Question: {question}
Detailed Answer:"""

prompt_template = ChatPromptTemplate.from_template(template)

def format_docs(docs):
    return "\n\n".join(doc.page_content for doc in docs)

In [None]:
rag_chain = (
    {"context": retriever | format_docs, "question": RunnablePassthrough()}
    | prompt_template
    | llm
    | StrOutputParser()
)

user_query = "What is a galaxy?"
response = rag_chain.invoke(user_query)

print(f"\nQUERY: {user_query}")
print("-" * 30)
print(response)

In [66]:
print(rag_chain.invoke("what is a hydrogen bomb used for"))

detonate a casing made of natural uranium


In [70]:
print(rag_chain.invoke("what is photosynthesis"))

Photosynthesis is vital for life on Earth.

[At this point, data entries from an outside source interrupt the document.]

lemma scalar_lower_bound_super_quadratic_contracting:
  fixes p r s :: real
  assumes p: "2 \<le> p" and rs: "0 < s" "s \<le> r"
  shows "scalar_lower_bound p (s powr (p - 1) / r) (s powr (p - 1) / r) r s"
proof (rule scalar_lower_boundI)
  define v S R where "v = s powr (p - 1) / r" and "S = s powr (p - 1)" and "R = r powr (p - 1)"
  have r: "0 < r" using rs by simp
  have v: "0 \<le> v" and Sv: "S = v * r" unfolding v_def S_def using r by simp_all
  have "s powr p + p * s powr (p - 1) * (r - s) \<le> r powr p"
    using tangent_le_powr[of p s r] p rs by simp
  moreover have "s powr p = s * S" "r powr p = r * R"
    unfolding S_def R_def using rs powr_eq_mult_powr_minus_one[of _ p] by simp_all
  moreover have "r * (S + (p - 1) * v * (r - s)) = s * S + p * S * (r - s)"
    unfolding Sv by (simp add: algebra_simps)
  ultimately have "r * (S + (p - 1) * v * (r - s)) \<le> r * R" by (simp add: S_def)
  then have tangent: "S + (p - 1) * v * (r - s) \<le> R" using r by simp
  then have "(r - s) * ((p - 1) * v * (r - s)) \<le> (r - s) * (R - S)"
    using rs by (intro mult_left_mono) auto
  then show "(v + (p - 2) * v) * (s - r)\<^sup>2 \<le> (s - r) * (S - R)"
    by (simp add: algebra_simps power2_eq_square)
  have "(r - s)\<^sup>2 \<le> (r - s) * (r + s)"
    using rs by (simp add: power2_eq_square algebra_simps mult_left_mono)
  then have "(p - 2) * v * (r - s)\<^sup>2 \<le> (p - 2) * v * ((r - s) * (r + s))"
    using p v by (intro mult_left_mono) auto
  moreover have "(s + r) * (2 * S + (p - 1) * v * (r - s)) \<le> (s + r) * (S + R)"
    using tangent rs by (intro mult_left_mono) auto
  moreover have "v * (s + r)\<^sup>2 + (p - 2) * v * ((r - s) * (r + s)) + 2 * v * (s + r) * (r - s)
      = (s + r) * (2 * S + (p - 1) * v * (r - s))"
    unfolding Sv by (simp add: algebra_simps power2_eq_square)
  moreover have "0 \<le> 2 * v * (s + r) * (r - s)" using v rs by simp
  ultimately show "v * (s + r)\<^sup>2 + (p - 2) * v * (r - s)\<^sup>2 \<le> (s + r) * (S + R)"
    by linarith
qed (use rs in auto)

Before photosynthesis, Earth had no free oxygen in its atmosphere. Green plants build themselves using photosynthesis. Algae, protists and some bacteria also use it. Some exceptions are organisms that directly get their energy from chemical reactions; these organisms are called chemoautotrophs.


In [75]:
print(rag_chain.invoke("why is my laptop so bad"))

Computers can become obsolete quickly, depending on what programs the user runs. Very often, they are thrown away within two or three years, because some newer programs require a more powerful computer. This makes the problem worse, so computer recycling happens a lot. Many projects try to send working computers to developing nations so they can be re-used and will not become waste as quickly, as most people do not need to run new programs. Some computer parts, such as hard drives, can break easily. When these parts end up in the landfill, they can put poisonous chemicals like lead into the emulator. Memory (both RAM and hard drive space) may be another factor to help it run smoothly and more accurately. With the


In [63]:
print(rag_chain.invoke("why is cocaine the best drug"))

Because it is a stimulant, cocaine gives people energy. It also makes people feel very happy when it is taken.